[Saved data entries]
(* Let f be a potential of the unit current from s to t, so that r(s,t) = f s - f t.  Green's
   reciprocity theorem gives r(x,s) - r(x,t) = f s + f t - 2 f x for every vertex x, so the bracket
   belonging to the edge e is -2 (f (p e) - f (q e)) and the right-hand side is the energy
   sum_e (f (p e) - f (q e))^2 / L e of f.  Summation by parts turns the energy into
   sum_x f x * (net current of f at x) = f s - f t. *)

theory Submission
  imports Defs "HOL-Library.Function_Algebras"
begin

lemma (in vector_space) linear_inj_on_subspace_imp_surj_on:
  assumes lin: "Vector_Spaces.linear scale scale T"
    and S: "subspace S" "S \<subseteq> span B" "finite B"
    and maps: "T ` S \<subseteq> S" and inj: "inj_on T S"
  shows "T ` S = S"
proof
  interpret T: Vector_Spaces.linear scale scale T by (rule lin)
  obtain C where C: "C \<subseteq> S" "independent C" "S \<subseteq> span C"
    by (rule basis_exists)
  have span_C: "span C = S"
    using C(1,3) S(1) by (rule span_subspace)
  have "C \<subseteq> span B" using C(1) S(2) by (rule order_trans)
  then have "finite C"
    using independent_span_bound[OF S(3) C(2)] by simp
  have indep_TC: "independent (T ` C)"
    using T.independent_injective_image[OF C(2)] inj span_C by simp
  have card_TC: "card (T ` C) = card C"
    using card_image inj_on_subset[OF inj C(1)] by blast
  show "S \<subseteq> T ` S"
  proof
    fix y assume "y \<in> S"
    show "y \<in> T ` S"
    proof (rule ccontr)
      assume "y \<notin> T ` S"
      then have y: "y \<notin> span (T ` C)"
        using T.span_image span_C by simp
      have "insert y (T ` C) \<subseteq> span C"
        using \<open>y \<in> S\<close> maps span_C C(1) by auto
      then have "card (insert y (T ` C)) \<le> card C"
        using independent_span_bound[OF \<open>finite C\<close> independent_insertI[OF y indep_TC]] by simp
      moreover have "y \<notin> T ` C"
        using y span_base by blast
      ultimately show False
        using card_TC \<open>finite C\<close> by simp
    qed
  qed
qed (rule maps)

Prompt
Find and count the lines of the data that include the string "notin", and report that figure by itself.

Result of this exercise
3